══ Supplied data

lemma fa_integral_mono_eventually:
  assumes f: "fa_bounded f" and g: "fa_bounded g" and le: "\<forall>\<^sub>F n in sequentially. f n \<le> g n"
  shows "fa_integral P f \<le> fa_integral P g"
proof -
  obtain N where N: "\<And>n. n \<ge> N \<Longrightarrow> f n \<le> g n" using le by (auto simp: eventually_sequentially)
  obtain Bf Bg where Bf: "\<And>x. \<bar>f x\<bar> \<le> Bf" and Bg: "\<And>x. \<bar>g x\<bar> \<le> Bg"
    using f g unfolding fa_bounded_def by blast
  define u where "u x = (Bf + Bg) * indicator {..<N} x" for x
  have u: "fa_bounded u"
    unfolding u_def by (intro fa_bounded_scale fa_bounded_finite_range finite_range_indicator)
  have "f x \<le> g x + u x" for x
  proof (cases "x < N")
    case True
    then show ?thesis using Bf[of x] Bg[of x] by (simp add: u_def abs_le_iff)
  next
    case False
    then show ?thesis using N[of x] by (simp add: u_def)
  qed
  then have "fa_integral P f \<le> fa_integral P (\<lambda>x. g x + u x)"
    by (intro fa_integral_mono f fa_bounded_add g u)
  also have "\<dots> = fa_integral P g + fa_integral P u"
    by (rule fa_integral_add[OF g u])
  also have "fa_integral P u = 0"
    unfolding u_def fa_integral_scale[OF fa_bounded_finite_range[OF finite_range_indicator]]
    by (simp add: fa_integral_indicator measure_finite)
  finally show ?thesis by simp
qed

lemma fa_integral_tendsto:
  assumes lim: "h \<longlonglongrightarrow> c"
  shows "fa_integral P h = c"
proof -
  obtain K where "\<And>n. norm (h n) \<le> K"
    using convergent_imp_Bseq[OF convergentI[OF lim]] unfolding Bseq_def by blast
  then have h: "fa_bounded h" unfolding fa_bounded_def by auto
  have const: "fa_bounded (\<lambda>x. a)" for a
    by (rule fa_bounded_finite_range) simp
  have bounds: "fa_integral P h \<le> c + e \<and> c - e \<le> fa_integral P h" if e: "e > 0" for e
  proof -
    have "\<forall>\<^sub>F n in sequentially. h n \<le> c + e"
      by (rule eventually_mono[OF order_tendstoD(2)[OF lim, of "c + e"]]) (use e in auto)
    moreover have "\<forall>\<^sub>F n in sequentially. c - e \<le> h n"
      by (rule eventually_mono[OF order_tendstoD(1)[OF lim, of "c - e"]]) (use e in auto)
    ultimately show ?thesis
      using fa_integral_mono_eventually[OF h const] fa_integral_mono_eventually[OF const h]
      unfolding fa_integral_const by blast
  qed
  have "fa_integral P h \<le> c"
    by (rule field_le_epsilon) (use bounds in blast)
  moreover have "c \<le> fa_integral P h"
    by (rule field_le_epsilon) (use bounds in force)
  ultimately show ?thesis by (rule antisym)
qed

════

Using the records above, copy exactly the lines from the one containing "obtain Bf Bg" through the last, inclusive, and nothing else.

[Response box]
  obtain Bf Bg where Bf: "\<And>x. \<bar>f x\<bar> \<le> Bf" and Bg: "\<And>x. \<bar>g x\<bar> \<le> Bg"
    using f g unfolding fa_bounded_def by blast
  define u where "u x = (Bf + Bg) * indicator {..<N} x" for x
  have u: "fa_bounded u"
    unfolding u_def by (intro fa_bounded_scale fa_bounded_finite_range finite_range_indicator)
  have "f x \<le> g x + u x" for x
  proof (cases "x < N")
    case True
    then show ?thesis using Bf[of x] Bg[of x] by (simp add: u_def abs_le_iff)
  next
    case False
    then show ?thesis using N[of x] by (simp add: u_def)
  qed
  then have "fa_integral P f \<le> fa_integral P (\<lambda>x. g x + u x)"
    by (intro fa_integral_mono f fa_bounded_add g u)
  also have "\<dots> = fa_integral P g + fa_integral P u"
    by (rule fa_integral_add[OF g u])
  also have "fa_integral P u = 0"
    unfolding u_def fa_integral_scale[OF fa_bounded_finite_range[OF finite_range_indicator]]
    by (simp add: fa_integral_indicator measure_finite)
  finally show ?thesis by simp
qed

lemma fa_integral_tendsto:
  assumes lim: "h \<longlonglongrightarrow> c"
  shows "fa_integral P h = c"
proof -
  obtain K where "\<And>n. norm (h n) \<le> K"
    using convergent_imp_Bseq[OF convergentI[OF lim]] unfolding Bseq_def by blast
  then have h: "fa_bounded h" unfolding fa_bounded_def by auto
  have const: "fa_bounded (\<lambda>x. a)" for a
    by (rule fa_bounded_finite_range) simp
  have bounds: "fa_integral P h \<le> c + e \<and> c - e \<le> fa_integral P h" if e: "e > 0" for e
  proof -
    have "\<forall>\<^sub>F n in sequentially. h n \<le> c + e"
      by (rule eventually_mono[OF order_tendstoD(2)[OF lim, of "c + e"]]) (use e in auto)
    moreover have "\<forall>\<^sub>F n in sequentially. c - e \<le> h n"
      by (rule eventually_mono[OF order_tendstoD(1)[OF lim, of "c - e"]]) (use e in auto)
    ultimately show ?thesis
      using fa_integral_mono_eventually[OF h const] fa_integral_mono_eventually[OF const h]
      unfolding fa_integral_const by blast
  qed
  have "fa_integral P h \<le> c"
    by (rule field_le_epsilon) (use bounds in blast)
  moreover have "c \<le> fa_integral P h"
    by (rule field_le_epsilon) (use bounds in force)
  ultimately show ?thesis by (rule antisym)
qed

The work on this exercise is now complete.